No-Confidence Vote In Russia Yeltsin’s Foes Sharpen Knives In Wake Of Hostage Crisis

Carol J. Williams Los Angeles Times

The Kremlin’s bow to Chechen terrorists to win freedom for more than 1,000 hostages exacted a political toll Wednesday when deputies of the lower house of the Russian Parliament voted “no confidence” in the government over its handling of the crisis.

After the gunmen who had waged a weeklong killing spree escaped into the sheltering hills of Chechnya, parliamentary deputies of all political walks directed their hunt for scapegoats at Prime Minister Viktor S. Chernomyrdin, despite his success in bringing the incident that had earlier taken 100 lives to a bloodless conclusion.

Deputies of the Duma voted 244-72 to proclaim a lack of faith in Chernomyrdin’s ability to protect citizens from the violence convulsing Russia.

The deeply divided lower house failed, however, to muster enough votes for a similar reprimand of Defense Minister Pavel S. Grachev, Interior Minister Viktor F. Yerin and national security forces chief Sergei V. Stepashin - the officials directly responsible for ensuring public safety.

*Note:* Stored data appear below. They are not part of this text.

(* Let $(X,A,\prec)$ be an alignment of the family $\{(X_a,\prec_a)\}_{a\in I}$, let $\mathfrak{P}=\{I_1,\dots,I_p\}$ be a partition of $I$ and $X_k=\dot\bigcup_{a\in I_k}X_a$. For each $k$ let $Z_k$ be the set of nonempty sets $Q\cap X_k$, $Q\in\mathcal{C}(X,A)$ (the columns of $(X,A)[X_k]$), strictly partially ordered by $P\cap X_k\prec_k Q\cap X_k$ iff $P\prec Q$. Let $(X,A)/\mathfrak{P}$ be the graph whose vertex set is $\dot\bigcup_k Z_k$ (elements of $Z_k$ written $(k,Q\cap X_k)$) and whose edges are the pairs $\{(k,Q\cap X_k),(l,Q\cap X_l)\}$ with $k\neq l$, $Q\in\mathcal{C}(X,A)$ and both $Q\cap X_k$, $Q\cap X_l$ nonempty. Its connected components are exactly the sets $Q/\mathfrak{P}=\{(k,Q\cap X_k): Q\cap X_k\neq\emptyset\}$, $Q\in\mathcal{C}(X,A)$, in bijection with $\mathcal{C}(X,A)$; order them by $P/\mathfrak{P}\prec' Q/\mathfrak{P}$ iff $P\prec Q$. Then $((X,A)/\mathfrak{P},\prec')$ is an alignment of the family of posets $\{(Z_k,\prec_k)\}_{k=1}^p$.
   Context: Let $I$ be a finite index set ("rows"), and for each $a\in I$ let $(X_a,\prec_a)$ be a finite set with a strict partial order. Elements of $X_a$ are written $(a,i)$, and $X=\dot\bigcup_{a\in I}X_a$. For a simple undirected graph $(X,A)$, $\mathcal{C}(X,A)$ denotes its set of connected components ("columns"). An alignment of a family of finite strict posets $(X_a,\prec_a)$ is a triple $(X,A,\prec)$ where $\prec$ is a strict partial order on $\mathcal{C}(X,A)$ such that: (P1) every $Q\in\mathcal{C}(X,A)$ induces a complete subgraph of $(X,A)$; (P2) if $(a,i)\in Q$ and $(a,j)\in Q$ then $i=j$; (P3) if $(a,i)\in P$, $(a,j)\in Q$ and $(a,i)\prec_a(a,j)$ then $P\prec Q$; (P4) if $P\prec Q$, $(a,i)\in P$ and $(a,j)\in Q$, then $(a,i)\prec_a(a,j)$ or $(a,i)$ and $(a,j)$ are incomparable w.r.t. $\prec_a$. *)

theory Defs
  imports Main
begin

definition simple_graph :: "'v set \<Rightarrow> 'v set set \<Rightarrow> bool" where
  "simple_graph V E \<longleftrightarrow> (\<forall>e\<in>E. \<exists>x y. x \<noteq> y \<and> x \<in> V \<and> y \<in> V \<and> e = {x, y})"

definition adj :: "'v set \<Rightarrow> 'v set set \<Rightarrow> ('v \<times> 'v) set" where
  "adj V E = {(x, y). x \<in> V \<and> y \<in> V \<and> {x, y} \<in> E}"

definition components :: "'v set \<Rightarrow> 'v set set \<Rightarrow> 'v set set" where
  "components V E = {{y \<in> V. (x, y) \<in> (adj V E)\<^sup>*} | x. x \<in> V}"

definition poset_family :: "'r set \<Rightarrow> ('r \<Rightarrow> ('r \<times> 'e) set) \<Rightarrow> ('r \<Rightarrow> (('r \<times> 'e) \<times> ('r \<times> 'e)) set) \<Rightarrow> bool" where
  "poset_family I Xs R \<longleftrightarrow> finite I \<and>
     (\<forall>a\<in>I. finite (Xs a) \<and> Xs a \<subseteq> {a} \<times> UNIV \<and> R a \<subseteq> Xs a \<times> Xs a
        \<and> (\<forall>x. (x, x) \<notin> R a) \<and> trans (R a))"

definition alignment :: "'r set \<Rightarrow> ('r \<Rightarrow> ('r \<times> 'e) set) \<Rightarrow> ('r \<Rightarrow> (('r \<times> 'e) \<times> ('r \<times> 'e)) set)
     \<Rightarrow> ('r \<times> 'e) set set \<Rightarrow> (('r \<times> 'e) set \<times> ('r \<times> 'e) set) set \<Rightarrow> bool" where
  "alignment I Xs R A prec \<longleftrightarrow>
     (let X = (\<Union>a\<in>I. Xs a); C = components X A in
       poset_family I Xs R \<and> simple_graph X A \<and>
       prec \<subseteq> C \<times> C \<and> (\<forall>Q. (Q, Q) \<notin> prec) \<and> trans prec \<and>
       (\<forall>Q\<in>C. \<forall>x\<in>Q. \<forall>y\<in>Q. x \<noteq> y \<longrightarrow> {x, y} \<in> A) \<and>
       (\<forall>Q\<in>C. \<forall>a\<in>I. \<forall>x\<in>Xs a. \<forall>y\<in>Xs a. x \<in> Q \<and> y \<in> Q \<longrightarrow> x = y) \<and>
       (\<forall>P\<in>C. \<forall>Q\<in>C. \<forall>a\<in>I. \<forall>x\<in>Xs a. \<forall>y\<in>Xs a.
           x \<in> P \<and> y \<in> Q \<and> (x, y) \<in> R a \<longrightarrow> (P, Q) \<in> prec) \<and>
       (\<forall>P Q. (P, Q) \<in> prec \<longrightarrow> (\<forall>a\<in>I. \<forall>x\<in>Xs a. \<forall>y\<in>Xs a.
           x \<in> P \<and> y \<in> Q \<longrightarrow> (x, y) \<in> R a \<or> ((x, y) \<notin> R a \<and> (y, x) \<notin> R a))))"

definition is_partition :: "'a set set \<Rightarrow> 'a set \<Rightarrow> bool" where
  "is_partition Part I \<longleftrightarrow> (\<forall>B\<in>Part. B \<noteq> {}) \<and> \<Union>Part = I \<and>
     (\<forall>B\<in>Part. \<forall>B'\<in>Part. B \<noteq> B' \<longrightarrow> B \<inter> B' = {})"

definition blockX :: "('a \<Rightarrow> 'v set) \<Rightarrow> 'a set \<Rightarrow> 'v set" where
  "blockX Xs B = (\<Union>a\<in>B. Xs a)"

definition quotZ :: "('a \<Rightarrow> 'v set) \<Rightarrow> 'v set set \<Rightarrow> 'a set \<Rightarrow> ('a set \<times> 'v set) set" where
  "quotZ Xs C B = {(B, Q \<inter> blockX Xs B) | Q. Q \<in> C \<and> Q \<inter> blockX Xs B \<noteq> {}}"

definition quotR :: "('a \<Rightarrow> 'v set) \<Rightarrow> 'v set set \<Rightarrow> ('v set \<times> 'v set) set \<Rightarrow> 'a set
     \<Rightarrow> (('a set \<times> 'v set) \<times> ('a set \<times> 'v set)) set" where
  "quotR Xs C prec B = {((B, P \<inter> blockX Xs B), (B, Q \<inter> blockX Xs B)) | P Q.
      P \<in> C \<and> Q \<in> C \<and> P \<inter> blockX Xs B \<noteq> {} \<and> Q \<inter> blockX Xs B \<noteq> {} \<and> (P, Q) \<in> prec}"

definition quotE :: "('a \<Rightarrow> 'v set) \<Rightarrow> 'v set set \<Rightarrow> 'a set set \<Rightarrow> ('a set \<times> 'v set) set set" where
  "quotE Xs C Part = {{(B, Q \<inter> blockX Xs B), (B', Q \<inter> blockX Xs B')} | B B' Q.
      B \<in> Part \<and> B' \<in> Part \<and> B \<noteq> B' \<and> Q \<in> C \<and>
      Q \<inter> blockX Xs B \<noteq> {} \<and> Q \<inter> blockX Xs B' \<noteq> {}}"

definition quotCol :: "('a \<Rightarrow> 'v set) \<Rightarrow> 'a set set \<Rightarrow> 'v set \<Rightarrow> ('a set \<times> 'v set) set" where
  "quotCol Xs Part Q = {(B, Q \<inter> blockX Xs B) | B. B \<in> Part \<and> Q \<inter> blockX Xs B \<noteq> {}}"

definition quotPrec :: "('a \<Rightarrow> 'v set) \<Rightarrow> 'a set set \<Rightarrow> ('v set \<times> 'v set) set
     \<Rightarrow> (('a set \<times> 'v set) set \<times> ('a set \<times> 'v set) set) set" where
  "quotPrec Xs Part prec = {(quotCol Xs Part P, quotCol Xs Part Q) | P Q. (P, Q) \<in> prec}"

end

theory Submission
  imports Defs
begin

text \<open>A column Q of (X,A) is determined by any nonempty trace Q \<inter> X_k, because columns are
  disjoint. Hence Q \<mapsto> Q/Part is injective; each Q/Part is a clique of the quotient graph, as its
  elements lie in distinct blocks, and every quotient edge lies inside some Q/Part, so these sets are
  exactly the components. The quotient orders are induced by \<prec> itself.\<close>

lemma components_subset: "S \<in> components V E \<Longrightarrow> S \<subseteq> V"
  unfolding components_def by blast

lemma components_nonempty: "S \<in> components V E \<Longrightarrow> S \<noteq> {}"
  unfolding components_def by blast

lemma components_disjoint:
  assumes S: "S \<in> components V E" and T: "T \<in> components V E" and x: "x \<in> S" "x \<in> T"
  shows "S = T"
proof -
  have sym_reach: "sym ((adj V E)\<^sup>*)"
    by (rule sym_rtrancl) (auto simp: sym_def adj_def insert_commute)
  from S obtain s where s: "S = {y \<in> V. (s, y) \<in> (adj V E)\<^sup>*}" unfolding components_def by blast
  from T obtain t where t: "T = {y \<in> V. (t, y) \<in> (adj V E)\<^sup>*}" unfolding components_def by blast
  have "(s, x) \<in> (adj V E)\<^sup>*" "(x, t) \<in> (adj V E)\<^sup>*"
    using x s t sym_reach by (auto dest: symD)
  then have "(s, t) \<in> (adj V E)\<^sup>*" "(t, s) \<in> (adj V E)\<^sup>*"
    using sym_reach by (auto intro: rtrancl_trans dest: symD)
  then show "S = T" unfolding s t by (auto intro: rtrancl_trans)
qed

lemma components_eqI:
  assumes cover: "\<Union>F = V" and nonempty: "\<And>S. S \<in> F \<Longrightarrow> S \<noteq> {}"
    and disjoint: "\<And>S T x. S \<in> F \<Longrightarrow> T \<in> F \<Longrightarrow> x \<in> S \<Longrightarrow> x \<in> T \<Longrightarrow> S = T"
    and clique: "\<And>S x y. S \<in> F \<Longrightarrow> x \<in> S \<Longrightarrow> y \<in> S \<Longrightarrow> x \<noteq> y \<Longrightarrow> {x, y} \<in> E"
    and edge: "\<And>e. e \<in> E \<Longrightarrow> \<exists>S\<in>F. \<exists>x y. x \<in> S \<and> y \<in> S \<and> e = {x, y}"
  shows "components V E = F"
proof -
  have reach_closed: "y \<in> S" if S: "S \<in> F" "x \<in> S" and xy: "(x, y) \<in> (adj V E)\<^sup>*" for S x y
    using xy
  proof (induction rule: rtrancl_induct)
    case (step y z)
    then have "{y, z} \<in> E" by (simp add: adj_def)
    then obtain S' where "S' \<in> F" "y \<in> S'" "z \<in> S'"
      using edge by (fastforce simp: doubleton_eq_iff)
    with step S disjoint show ?case by blast
  qed (use S in simp)
  have reach_complete: "(x, y) \<in> (adj V E)\<^sup>*" if "S \<in> F" "x \<in> S" "y \<in> S" for S x y
  proof (cases "x = y")
    case False
    then have "(x, y) \<in> adj V E"
      using that clique cover by (auto simp: adj_def)
    then show ?thesis by blast
  qed simp
  have block: "{y \<in> V. (x, y) \<in> (adj V E)\<^sup>*} = S" if "S \<in> F" "x \<in> S" for S x
    using that reach_closed reach_complete cover by blast
  show ?thesis
  proof
    show "components V E \<subseteq> F"
      unfolding components_def using block cover by blast
    show "F \<subseteq> components V E"
    proof
      fix S assume "S \<in> F"
      moreover obtain x where "x \<in> S" using \<open>S \<in> F\<close> nonempty by blast
      ultimately show "S \<in> components V E"
        using block cover unfolding components_def by blast
    qed
  qed
qed

lemma mem_quotCol:
  "x \<in> quotCol Xs Part Q \<longleftrightarrow> (\<exists>B\<in>Part. x = (B, Q \<inter> blockX Xs B) \<and> Q \<inter> blockX Xs B \<noteq> {})"
  unfolding quotCol_def by blast

lemma mem_quotCol_fst:
  "x \<in> quotCol Xs Part Q \<Longrightarrow> fst x = B \<Longrightarrow> x = (B, Q \<inter> blockX Xs B) \<and> B \<in> Part \<and> Q \<inter> blockX Xs B \<noteq> {}"
  unfolding mem_quotCol by auto

lemma quotCol_eq_if_fst_eq:
  "x \<in> quotCol Xs Part Q \<Longrightarrow> y \<in> quotCol Xs Part Q \<Longrightarrow> fst x = fst y \<Longrightarrow> x = y"
  using mem_quotCol_fst by metis

lemma fst_quotZ: "x \<in> quotZ Xs C B \<Longrightarrow> fst x = B"
  unfolding quotZ_def by auto

lemma Union_quotCol: "\<Union>(quotCol Xs Part ` C) = (\<Union>B\<in>Part. quotZ Xs C B)"
  unfolding quotZ_def quotCol_def by blast

lemma quotE_if_mem_quotCol:
  assumes "Q \<in> C" "x \<in> quotCol Xs Part Q" "y \<in> quotCol Xs Part Q" "x \<noteq> y"
  shows "{x, y} \<in> quotE Xs C Part"
proof -
  from assms(2,3) obtain B B' where
    "x = (B, Q \<inter> blockX Xs B)" "B \<in> Part" "Q \<inter> blockX Xs B \<noteq> {}"
    "y = (B', Q \<inter> blockX Xs B')" "B' \<in> Part" "Q \<inter> blockX Xs B' \<noteq> {}"
    unfolding mem_quotCol by blast
  with assms(1,4) show ?thesis
    unfolding quotE_def by blast
qed

lemma quotE_inside_quotCol:
  "e \<in> quotE Xs C Part \<Longrightarrow> \<exists>Q\<in>C. \<exists>x y. x \<in> quotCol Xs Part Q \<and> y \<in> quotCol Xs Part Q \<and> e = {x, y}"
  unfolding quotE_def mem_quotCol by blast

lemma mem_quotR:
  "(x, y) \<in> quotR Xs C prec B \<longleftrightarrow> (\<exists>P Q. P \<in> C \<and> Q \<in> C \<and> (P, Q) \<in> prec \<and>
     P \<inter> blockX Xs B \<noteq> {} \<and> Q \<inter> blockX Xs B \<noteq> {} \<and>
     x = (B, P \<inter> blockX Xs B) \<and> y = (B, Q \<inter> blockX Xs B))"
  unfolding quotR_def by blast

President Boris N. Yeltsin, himself the target of withering criticism for a feeble response to the hostage incident, indicated through his spokesman that he would ignore the parliamentary appeal to sack Chernomyrdin and his Cabinet. “The president has no grounds for distrusting the government,” Yeltsin’s press secretary, Sergei K. Medvedev, told journalists after the no-confidence vote.

Under the Russian constitution, the president is under no obligation to react to such a vote unless the deputies repeat their action within three months. After a second vote of no-confidence, the president must either fire the Cabinet or dismiss the Parliament and call new elections.

An official with Moscow’s Presidential Analytic Center said Yeltsin was more inclined to get rid of the fractious Duma than abandon Chernomyrdin, whose “Our Home Is Russia” political bloc would likely back a re-election bid by Yeltsin. “I am sure the president would more willingly part with the Duma than with the government,” said analyst Viktor I. Borisyuk, denouncing the vote as an obvious attempt by opposition figures to get political mileage out of the crisis.

Chernomyrdin attempted to defend his decision to cut a deal with the hostage-takers, reminding Duma deputies before they voted that “not a single person died during the negotiations” he undertook with Chechen guerrilla leader Shamil Basayev after heavily armed fighters attacked the southern Russian town of Budyonnovsk on June 14.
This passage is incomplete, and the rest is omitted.